** DATA LISTING follows **

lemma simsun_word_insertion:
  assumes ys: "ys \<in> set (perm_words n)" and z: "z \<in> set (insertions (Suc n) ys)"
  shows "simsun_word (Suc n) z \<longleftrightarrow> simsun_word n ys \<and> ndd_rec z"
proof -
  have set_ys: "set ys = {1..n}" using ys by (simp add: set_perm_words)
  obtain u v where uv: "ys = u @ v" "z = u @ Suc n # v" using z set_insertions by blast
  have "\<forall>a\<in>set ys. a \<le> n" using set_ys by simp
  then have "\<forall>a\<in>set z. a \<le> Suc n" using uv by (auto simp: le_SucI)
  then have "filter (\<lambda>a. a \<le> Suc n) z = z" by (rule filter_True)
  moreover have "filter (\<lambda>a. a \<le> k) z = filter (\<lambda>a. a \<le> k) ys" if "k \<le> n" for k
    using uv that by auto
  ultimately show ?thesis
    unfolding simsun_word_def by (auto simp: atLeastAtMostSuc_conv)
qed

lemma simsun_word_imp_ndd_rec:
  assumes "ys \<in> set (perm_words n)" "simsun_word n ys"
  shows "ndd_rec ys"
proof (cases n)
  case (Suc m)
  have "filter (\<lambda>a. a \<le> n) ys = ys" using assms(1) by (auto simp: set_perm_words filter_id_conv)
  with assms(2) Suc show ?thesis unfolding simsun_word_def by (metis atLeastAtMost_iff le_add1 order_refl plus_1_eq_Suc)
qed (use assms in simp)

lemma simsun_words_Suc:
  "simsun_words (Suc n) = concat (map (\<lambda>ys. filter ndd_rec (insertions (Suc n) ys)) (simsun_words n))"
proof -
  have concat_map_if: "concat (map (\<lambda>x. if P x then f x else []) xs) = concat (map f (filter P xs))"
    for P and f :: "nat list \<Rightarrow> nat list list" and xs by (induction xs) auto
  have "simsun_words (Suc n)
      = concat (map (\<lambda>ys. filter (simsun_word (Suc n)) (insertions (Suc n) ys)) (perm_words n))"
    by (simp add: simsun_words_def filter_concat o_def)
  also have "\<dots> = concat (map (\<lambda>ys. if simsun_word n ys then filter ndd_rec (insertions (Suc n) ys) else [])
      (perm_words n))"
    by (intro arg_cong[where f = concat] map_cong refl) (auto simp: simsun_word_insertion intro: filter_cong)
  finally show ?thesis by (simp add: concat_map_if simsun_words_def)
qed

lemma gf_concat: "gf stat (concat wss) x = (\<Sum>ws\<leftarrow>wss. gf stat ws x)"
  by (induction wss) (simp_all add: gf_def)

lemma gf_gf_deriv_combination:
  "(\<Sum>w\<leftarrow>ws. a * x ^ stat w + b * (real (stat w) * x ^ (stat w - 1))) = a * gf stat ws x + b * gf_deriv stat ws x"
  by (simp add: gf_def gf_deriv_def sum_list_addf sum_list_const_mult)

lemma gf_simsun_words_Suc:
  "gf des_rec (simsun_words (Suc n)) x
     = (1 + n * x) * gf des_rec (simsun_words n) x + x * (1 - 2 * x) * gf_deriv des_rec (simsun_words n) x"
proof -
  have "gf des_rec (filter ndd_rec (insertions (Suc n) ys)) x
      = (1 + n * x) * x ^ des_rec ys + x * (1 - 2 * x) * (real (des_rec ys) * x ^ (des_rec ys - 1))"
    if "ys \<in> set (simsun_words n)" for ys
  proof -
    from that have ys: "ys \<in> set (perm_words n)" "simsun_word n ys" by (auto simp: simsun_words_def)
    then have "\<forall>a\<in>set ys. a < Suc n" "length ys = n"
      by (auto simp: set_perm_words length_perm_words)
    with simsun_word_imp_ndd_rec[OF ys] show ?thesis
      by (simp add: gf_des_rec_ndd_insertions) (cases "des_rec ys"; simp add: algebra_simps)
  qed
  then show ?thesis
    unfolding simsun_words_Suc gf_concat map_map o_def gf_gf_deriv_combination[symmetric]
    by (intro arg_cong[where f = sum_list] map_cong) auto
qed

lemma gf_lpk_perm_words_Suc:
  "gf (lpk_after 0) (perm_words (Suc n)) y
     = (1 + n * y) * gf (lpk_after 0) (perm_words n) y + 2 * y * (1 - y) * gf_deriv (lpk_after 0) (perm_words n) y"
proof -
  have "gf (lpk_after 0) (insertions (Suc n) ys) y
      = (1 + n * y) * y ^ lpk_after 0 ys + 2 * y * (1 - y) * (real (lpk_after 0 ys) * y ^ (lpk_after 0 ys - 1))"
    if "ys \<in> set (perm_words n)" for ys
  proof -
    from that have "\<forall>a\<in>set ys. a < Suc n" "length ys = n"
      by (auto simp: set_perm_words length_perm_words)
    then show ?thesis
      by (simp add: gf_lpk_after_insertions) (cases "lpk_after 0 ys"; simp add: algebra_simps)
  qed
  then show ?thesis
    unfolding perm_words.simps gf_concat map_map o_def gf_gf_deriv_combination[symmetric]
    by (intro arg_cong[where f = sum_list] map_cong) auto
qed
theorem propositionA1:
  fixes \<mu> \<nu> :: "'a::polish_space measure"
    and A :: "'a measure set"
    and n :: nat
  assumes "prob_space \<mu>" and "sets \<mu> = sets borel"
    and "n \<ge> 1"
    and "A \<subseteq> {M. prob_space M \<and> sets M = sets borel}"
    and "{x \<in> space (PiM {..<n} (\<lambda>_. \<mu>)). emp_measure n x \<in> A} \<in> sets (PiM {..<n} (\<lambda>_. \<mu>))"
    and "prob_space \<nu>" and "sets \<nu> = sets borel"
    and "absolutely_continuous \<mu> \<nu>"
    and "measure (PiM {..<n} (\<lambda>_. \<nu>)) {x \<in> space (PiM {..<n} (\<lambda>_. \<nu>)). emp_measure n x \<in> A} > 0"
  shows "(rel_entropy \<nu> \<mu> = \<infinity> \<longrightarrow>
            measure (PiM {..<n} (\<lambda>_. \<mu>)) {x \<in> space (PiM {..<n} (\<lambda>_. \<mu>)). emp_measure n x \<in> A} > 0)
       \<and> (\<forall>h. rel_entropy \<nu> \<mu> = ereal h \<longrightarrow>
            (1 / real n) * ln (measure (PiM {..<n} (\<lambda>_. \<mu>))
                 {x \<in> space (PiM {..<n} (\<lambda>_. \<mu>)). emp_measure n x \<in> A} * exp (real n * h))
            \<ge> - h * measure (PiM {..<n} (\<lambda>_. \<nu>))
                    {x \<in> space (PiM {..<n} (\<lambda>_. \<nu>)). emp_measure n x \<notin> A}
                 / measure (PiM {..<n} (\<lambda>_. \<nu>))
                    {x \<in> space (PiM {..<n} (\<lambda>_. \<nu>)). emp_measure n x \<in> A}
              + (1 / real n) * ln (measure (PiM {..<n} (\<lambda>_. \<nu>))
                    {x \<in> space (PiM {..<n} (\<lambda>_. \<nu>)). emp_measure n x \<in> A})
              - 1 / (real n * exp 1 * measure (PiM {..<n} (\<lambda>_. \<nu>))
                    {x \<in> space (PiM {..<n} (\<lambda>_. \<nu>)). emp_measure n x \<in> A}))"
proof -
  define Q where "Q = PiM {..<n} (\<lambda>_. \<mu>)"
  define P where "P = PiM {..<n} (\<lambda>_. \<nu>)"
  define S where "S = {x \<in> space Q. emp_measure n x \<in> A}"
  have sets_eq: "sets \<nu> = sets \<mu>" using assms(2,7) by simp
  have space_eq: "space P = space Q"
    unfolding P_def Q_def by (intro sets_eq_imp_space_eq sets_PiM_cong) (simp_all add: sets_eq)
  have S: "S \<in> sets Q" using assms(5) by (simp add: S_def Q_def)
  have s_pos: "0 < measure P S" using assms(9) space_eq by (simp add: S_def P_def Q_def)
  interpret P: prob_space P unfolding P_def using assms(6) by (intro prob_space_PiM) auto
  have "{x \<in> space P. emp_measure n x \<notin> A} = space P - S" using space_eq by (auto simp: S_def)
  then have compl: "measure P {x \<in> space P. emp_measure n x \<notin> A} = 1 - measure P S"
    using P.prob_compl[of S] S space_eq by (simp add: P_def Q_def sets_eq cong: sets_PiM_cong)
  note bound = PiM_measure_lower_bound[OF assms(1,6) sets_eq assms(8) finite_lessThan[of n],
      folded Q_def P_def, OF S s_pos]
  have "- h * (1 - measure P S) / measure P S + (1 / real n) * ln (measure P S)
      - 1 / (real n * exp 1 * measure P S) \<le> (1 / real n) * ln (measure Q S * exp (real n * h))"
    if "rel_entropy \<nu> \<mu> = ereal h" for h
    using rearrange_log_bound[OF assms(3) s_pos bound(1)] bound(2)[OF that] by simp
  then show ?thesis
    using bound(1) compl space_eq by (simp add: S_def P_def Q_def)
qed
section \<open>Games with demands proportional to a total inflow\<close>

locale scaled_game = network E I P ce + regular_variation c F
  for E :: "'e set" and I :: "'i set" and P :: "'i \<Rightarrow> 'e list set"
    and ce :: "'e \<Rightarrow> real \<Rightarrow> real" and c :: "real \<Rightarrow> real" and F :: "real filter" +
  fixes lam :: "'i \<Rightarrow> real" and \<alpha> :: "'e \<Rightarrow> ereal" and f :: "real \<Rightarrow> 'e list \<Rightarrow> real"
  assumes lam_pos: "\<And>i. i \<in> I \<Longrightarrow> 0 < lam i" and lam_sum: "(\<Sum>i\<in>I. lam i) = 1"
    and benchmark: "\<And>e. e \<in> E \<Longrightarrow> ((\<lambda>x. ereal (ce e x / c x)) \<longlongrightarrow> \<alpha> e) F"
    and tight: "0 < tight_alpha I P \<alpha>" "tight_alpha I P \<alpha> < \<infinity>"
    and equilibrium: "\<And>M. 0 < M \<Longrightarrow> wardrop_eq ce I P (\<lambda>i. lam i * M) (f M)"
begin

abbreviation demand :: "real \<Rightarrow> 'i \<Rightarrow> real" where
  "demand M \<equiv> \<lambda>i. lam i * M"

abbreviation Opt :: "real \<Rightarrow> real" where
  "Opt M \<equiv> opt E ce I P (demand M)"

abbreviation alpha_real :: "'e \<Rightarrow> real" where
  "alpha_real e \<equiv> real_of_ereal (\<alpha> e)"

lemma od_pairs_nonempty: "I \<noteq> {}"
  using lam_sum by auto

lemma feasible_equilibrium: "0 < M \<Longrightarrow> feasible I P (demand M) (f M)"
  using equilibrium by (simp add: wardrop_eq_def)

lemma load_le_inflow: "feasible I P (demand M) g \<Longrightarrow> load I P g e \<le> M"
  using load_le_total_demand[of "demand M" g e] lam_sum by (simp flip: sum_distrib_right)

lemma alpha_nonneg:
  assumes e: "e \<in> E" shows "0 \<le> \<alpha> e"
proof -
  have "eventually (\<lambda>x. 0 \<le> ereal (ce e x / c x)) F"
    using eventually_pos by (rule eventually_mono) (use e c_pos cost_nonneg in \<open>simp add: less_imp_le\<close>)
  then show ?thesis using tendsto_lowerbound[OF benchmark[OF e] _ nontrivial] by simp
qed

** End of DATA LISTING **
** DATA LISTING follows **

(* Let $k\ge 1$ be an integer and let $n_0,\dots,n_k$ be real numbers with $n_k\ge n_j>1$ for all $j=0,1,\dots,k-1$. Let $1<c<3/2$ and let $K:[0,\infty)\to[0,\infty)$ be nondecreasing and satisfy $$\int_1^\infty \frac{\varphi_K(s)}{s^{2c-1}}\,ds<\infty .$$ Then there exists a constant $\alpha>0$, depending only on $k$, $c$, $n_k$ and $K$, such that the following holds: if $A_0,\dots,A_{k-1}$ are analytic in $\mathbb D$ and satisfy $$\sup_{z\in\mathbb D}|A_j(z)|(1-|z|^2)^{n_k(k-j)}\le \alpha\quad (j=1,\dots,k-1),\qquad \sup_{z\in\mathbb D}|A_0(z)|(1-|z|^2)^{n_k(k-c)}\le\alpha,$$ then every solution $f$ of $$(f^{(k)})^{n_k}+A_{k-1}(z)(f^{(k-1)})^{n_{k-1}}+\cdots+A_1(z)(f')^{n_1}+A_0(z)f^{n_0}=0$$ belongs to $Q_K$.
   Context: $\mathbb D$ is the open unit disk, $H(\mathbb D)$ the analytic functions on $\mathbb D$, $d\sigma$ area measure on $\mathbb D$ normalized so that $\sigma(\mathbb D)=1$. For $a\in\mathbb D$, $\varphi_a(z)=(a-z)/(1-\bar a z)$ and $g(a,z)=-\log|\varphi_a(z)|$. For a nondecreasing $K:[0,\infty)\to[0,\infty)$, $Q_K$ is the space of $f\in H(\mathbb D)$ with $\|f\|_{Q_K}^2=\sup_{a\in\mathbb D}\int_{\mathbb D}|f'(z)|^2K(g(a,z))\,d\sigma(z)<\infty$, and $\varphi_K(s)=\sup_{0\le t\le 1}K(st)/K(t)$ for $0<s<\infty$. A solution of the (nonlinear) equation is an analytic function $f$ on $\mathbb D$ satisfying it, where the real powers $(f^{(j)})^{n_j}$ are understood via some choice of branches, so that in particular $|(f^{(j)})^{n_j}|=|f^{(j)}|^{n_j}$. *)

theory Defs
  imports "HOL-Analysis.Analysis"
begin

** End of DATA LISTING **

*WHAT NEEDS TO BE DONE:*
Your answer must be every line from the listing above that holds the string "abbreviation".

*RESULT BELOW:*
abbreviation demand :: "real \<Rightarrow> 'i \<Rightarrow> real" where
abbreviation Opt :: "real \<Rightarrow> real" where
abbreviation alpha_real :: "'e \<Rightarrow> real" where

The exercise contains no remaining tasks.